14:25:07 <tdurakov> http://logs.openstack.org/66/329466/4/check/gate-tempest-dsvm-multinode-live-migration/586c6be/logs/subnode-2/libvirt/libvirtd.txt.gz#_2016-08-03_00_45_27_923
14:25:12 <kashyap> davidgiluk: Oh, you seem to sound right...
14:25:12 <tdurakov> kashyap, davidgiluk ^
14:25:13 <kashyap> 2016-08-03 00:45:21.456+0000: 18816: info : qemuMonitorIOProcess:423 : QEMU_MONITOR_IO_PROCESS: mon=0x7f7008012390 buf={"timestamp": {"seconds": 1470185121, "microseconds": 456577}, "event": "BLOCK_IO_ERROR", "data": {"device": "drive-virtio-disk0", "nospace": false, "reason": "Permission denied", "operation": "write", "action": "report"}}
14:25:22 <kashyap> davidgiluk: "Permission denied"
14:25:33 <davidgiluk> kashyap: Yeh that looks like a simple perm problem on the NFS
14:26:21 <kashyap> davidgiluk: Also, checking out the URL from tdurakov w/ the "load of migration failed: Input/output error"

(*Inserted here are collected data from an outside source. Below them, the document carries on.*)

lemma monomial_indicator_pt:
  assumes "T \<subseteq> {..<n}"
  shows "(\<Prod>i<n. cube_pt (indicator_pt T n) i ^ e i) = (if {i. i < n \<and> 0 < e i} \<subseteq> T then 1 else (0::real))"
proof (cases "{i. i < n \<and> 0 < e i} \<subseteq> T")
  case True
  then have "cube_pt (indicator_pt T n) i ^ e i = 1" if "i < n" for i
    using that by (cases "e i = 0") (auto simp: cube_pt_def)
  then show ?thesis
    using True by simp
next
  case False
  then obtain i where "i < n" "0 < e i" "i \<notin> T"
    by auto
  then show ?thesis
    using False by (auto simp: cube_pt_def intro!: prod_zero)
qed

lemma sum_cube_slice_monomial:
  fixes e :: "nat \<Rightarrow> nat"
  assumes "k \<le> n"
  defines "s \<equiv> card {i. i < n \<and> 0 < e i}"
  shows "(\<Sum>T\<in>cube_slice n k. \<Prod>i<n. cube_pt (indicator_pt T n) i ^ e i)
    = real (n choose k) * real (k choose s) / real (n choose s)"
proof -
  let ?S = "{i. i < n \<and> 0 < e i}"
  have "?S \<subseteq> {..<n}"
    by auto
  then have "s \<le> card {..<n}"
    unfolding s_def by (rule card_mono[OF finite_lessThan])
  then have "s \<le> n"
    by simp
  have "(\<Sum>T\<in>cube_slice n k. \<Prod>i<n. cube_pt (indicator_pt T n) i ^ e i)
      = (\<Sum>T\<in>cube_slice n k. if ?S \<subseteq> T then 1 else 0)"
    by (intro sum.cong refl monomial_indicator_pt) (simp add: cube_slice_def)
  also have "\<dots> = real (card {T \<in> cube_slice n k. ?S \<subseteq> T})"
    using sum.inter_filter[OF finite_cube_slice, of "\<lambda>_. 1 :: real" n k "\<lambda>T. ?S \<subseteq> T"] by simp
  also have "\<dots> = real (n choose k) * real (k choose s) / real (n choose s)"
  proof -
    have "card {T \<in> cube_slice n k. ?S \<subseteq> T} * (n choose s) = (n choose k) * (k choose s)"
      using card_supersets_cube_slice[OF \<open>?S \<subseteq> {..<n}\<close> assms(1)] unfolding s_def .
    then have "real (card {T \<in> cube_slice n k. ?S \<subseteq> T}) * real (n choose s) = real (n choose k) * real (k choose s)"
      by (simp only: of_nat_mult[symmetric])
    moreover have "real (n choose s) \<noteq> 0"
      using \<open>s \<le> n\<close> by simp
    ultimately show ?thesis
      by (simp add: eq_divide_eq)
  qed
  finally show ?thesis .
qed

definition binomial_poly :: "nat \<Rightarrow> real poly" where
  "binomial_poly s = smult (1 / fact s) (\<Prod>j<s. [:- of_nat j, 1:])"

lemma poly_binomial_poly: "poly (binomial_poly s) (real k) = real (k choose s)"
  by (simp add: binomial_poly_def poly_prod binomial_gbinomial gbinomial_prod_rev atLeast0LessThan)

lemma degree_binomial_poly: "degree (binomial_poly s) \<le> s"
proof -
  have "degree (\<Prod>j<s. [:- of_nat j, 1 :: real:]) \<le> (\<Sum>j<s. degree [:- of_nat j, 1 :: real:])"
    using degree_prod_sum_le[of "{..<s}" "\<lambda>j. [:- of_nat j, 1 :: real:]"] by (simp add: o_def)
  then show ?thesis
    unfolding binomial_poly_def by (simp add: degree_smult_le order_trans)
qed

text \<open>Minsky--Papert symmetrization: summing a polynomial over a slice of the cube leaves a
  univariate polynomial in the weight, because each monomial with support of size s contributes
  a multiple of (k choose s).\<close>

lemma symmetrization:
  assumes "poly_deg_le n D q"
  obtains R :: "real poly" where "degree R \<le> D"
    "\<And>k. k \<le> n \<Longrightarrow> real (n choose k) * poly R (real k) = (\<Sum>T\<in>cube_slice n k. q (cube_pt (indicator_pt T n)))"
proof -
  obtain M c where M: "finite M" "\<forall>e\<in>M. (\<Sum>i<n. e i) \<le> D"
    "\<forall>y. q y = (\<Sum>e\<in>M. c e * (\<Prod>i<n. y i ^ e i))"
    using assms unfolding poly_deg_le_def by blast
  define s where "s e = card {i. i < n \<and> 0 < e i}" for e :: "nat \<Rightarrow> nat"
  define R where "R = (\<Sum>e\<in>M. smult (c e / real (n choose s e)) (binomial_poly (s e)))"
  have "degree R \<le> D"
    unfolding R_def
  proof (rule degree_sum_le[OF M(1)])
    fix e assume "e \<in> M"
    have "s e = (\<Sum>i | i < n \<and> 0 < e i. 1)"
      by (simp add: s_def)
    also have "\<dots> \<le> (\<Sum>i<n. e i)"
      by (rule order_trans[OF sum_mono sum_mono2]) auto
    finally show "degree (smult (c e / real (n choose s e)) (binomial_poly (s e))) \<le> D"
      using M(2) \<open>e \<in> M\<close> degree_binomial_poly[of "s e"] degree_smult_le by (meson order_trans)
  qed
  moreover have "real (n choose k) * poly R (real k) = (\<Sum>T\<in>cube_slice n k. q (cube_pt (indicator_pt T n)))"
    if "k \<le> n" for k
  proof -
    have "(\<Sum>T\<in>cube_slice n k. q (cube_pt (indicator_pt T n)))
        = (\<Sum>e\<in>M. c e * (\<Sum>T\<in>cube_slice n k. \<Prod>i<n. cube_pt (indicator_pt T n) i ^ e i))"
      using M(3) by (simp add: sum.swap[of _ "cube_slice n k"] sum_distrib_left)
    also have "\<dots> = real (n choose k) * poly R (real k)"
      using that unfolding R_def
      by (simp add: sum_cube_slice_monomial s_def poly_sum poly_binomial_poly sum_distrib_left algebra_simps)
    finally show ?thesis
      by (rule sym)
  qed
  ultimately show ?thesis
    using that by blast
qed

text \<open>Squaring removes the sign of p: its square is at most 1/9 on f = 0 and at least 1 on
  f = 1, and these bounds survive averaging over a slice.\<close>

lemma symmetrized_square_bounds:
  assumes sym: "symmetric_fun n f" and deg: "poly_deg_le n d p" and approx: "nondet_approximates n f p"
  obtains R :: "real poly" where "degree R \<le> 2 * d"
    "\<And>k. k \<le> n \<Longrightarrow> \<not> f (indicator_pt {..<k} n) \<Longrightarrow> poly R (real k) \<le> 1/9"
    "\<And>k. k \<le> n \<Longrightarrow> f (indicator_pt {..<k} n) \<Longrightarrow> poly R (real k) \<ge> 1"
proof -
  have "poly_deg_le n (d + d) (\<lambda>y. p y * p y)"
    by (rule poly_deg_le_mult[OF deg deg])
  then obtain R :: "real poly" where R: "degree R \<le> d + d" "\<And>k. k \<le> n \<Longrightarrow>
      real (n choose k) * poly R (real k) = (\<Sum>T\<in>cube_slice n k. p (cube_pt (indicator_pt T n)) * p (cube_pt (indicator_pt T n)))"
    by (rule symmetrization) blast
  have sq_le: "a * a \<le> 1/9" if "\<bar>a\<bar> \<le> 1/3" for a :: real
    using mult_mono[OF that that] by (simp add: abs_mult[symmetric])
  have sq_ge: "a * a \<ge> 1" if "\<bar>a\<bar> \<ge> 1" for a :: real
    using mult_mono[OF that that] by (simp add: abs_mult[symmetric])
  have value_on_slice: "f (indicator_pt T n) = f (indicator_pt {..<k} n)" "length (indicator_pt T n) = n"
    if "T \<in> cube_slice n k" for T k
    using symmetric_fun_cube_slice[OF sym that] by simp_all
  show ?thesis
  proof (rule that)
    show "degree R \<le> 2 * d"
      using R(1) by simp
  next
    fix k assume "k \<le> n" "\<not> f (indicator_pt {..<k} n)"
    then have "real (n choose k) * poly R (real k) \<le> real (n choose k) * (1/9)"
      using approx value_on_slice sq_le sum_bounded_above[of "cube_slice n k" _ "1/9 :: real"]
      unfolding R(2)[OF \<open>k \<le> n\<close>] nondet_approximates_def card_cube_slice by auto
    then show "poly R (real k) \<le> 1/9"
      using \<open>k \<le> n\<close> by simp
  next
    fix k assume "k \<le> n" "f (indicator_pt {..<k} n)"
    then have "real (n choose k) * 1 \<le> real (n choose k) * poly R (real k)"
      using approx value_on_slice sq_ge sum_bounded_below[of "cube_slice n k" "1 :: real"]
      unfolding R(2)[OF \<open>k \<le> n\<close>] nondet_approximates_def card_cube_slice by auto
    then show "poly R (real k) \<ge> 1"
      using \<open>k \<le> n\<close> by simp
  qed
qed

text \<open>Each sign change of g between consecutive integers k, k+1 yields a root in the open
  interval (k, k+1); these intervals are disjoint.\<close>

lemma card_sign_changes_le_degree:
  fixes g :: "real poly"
  assumes sign_change: "\<And>k. k \<in> A \<Longrightarrow> poly g (real k) * poly g (real (Suc k)) < 0"
  shows "card A \<le> degree g"
proof (cases "A = {}")
  case True
  then show ?thesis by simp
next
  case False
  then have "g \<noteq> 0"
    using sign_change by fastforce
  have "\<exists>x. real k < x \<and> x < real k + 1 \<and> poly g x = 0" if "k \<in> A" for k
    using poly_IVT[OF _ sign_change[OF that]] by auto
  then obtain root where root: "\<And>k. k \<in> A \<Longrightarrow> real k < root k \<and> root k < real k + 1 \<and> poly g (root k) = 0"
    by metis
  have "strict_mono_on A root"
  proof (rule strict_mono_onI)
    fix a b assume "a \<in> A" "b \<in> A" "a < b"
    then have "real a + 1 \<le> real b"
      by simp
    then show "root a < root b"
      using root[OF \<open>a \<in> A\<close>] root[OF \<open>b \<in> A\<close>] by linarith
  qed
  then have "card A = card (root ` A)"
    by (simp add: card_image strict_mono_on_imp_inj_on)
  also have "\<dots> \<le> card {x. poly g x = 0}"
    using root by (intro card_mono poly_roots_finite[OF \<open>g \<noteq> 0\<close>]) auto
  also have "\<dots> \<le> degree g"
    by (rule card_poly_roots_bound[OF \<open>g \<noteq> 0\<close>])
  finally show ?thesis .
qed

14:26:47 <tdurakov> davidgiluk, about perm issue, http://logs.openstack.org/66/329466/4/check/gate-tempest-dsvm-multinode-live-migration/586c6be/console.html.gz#_2016-08-03_00_45_50_882922 - there are several tests that passes
14:26:49 <kashyap> tdurakov: We can move this discussion out of the meeting; maybe you have other issues to discuss.
14:27:15 <tdurakov> I'd spend 5 more minutes on that
14:27:20 <kashyap> Yeah, sure
14:27:44 <kashyap> tdurakov: Hmm, so this succeeds 'test_live_block_migration_paused'
14:27:54 <tdurakov> kashyap: yes
14:28:22 <tdurakov> so if it's perm issue, I'd expect to see all tests to fail, right?
14:29:51 <tdurakov> well, let's take a timeout for that, so everyone interested could grep through the code, and get back for that later
14:30:28 <davidgiluk> tdurakov: I wonder if the one that is passing is actually NFS shared storage; it's name is live_block_migration - so is it actually using NFS shared?
14:30:40 <tdurakov> davidgiluk: it's nfs
14:30:44 <davidgiluk> ok
14:30:49 <tdurakov> just bad tempest naming...
14:31:10 <kashyap> tdurakov: When the storage is shared, what is the point of doing a *block* migration?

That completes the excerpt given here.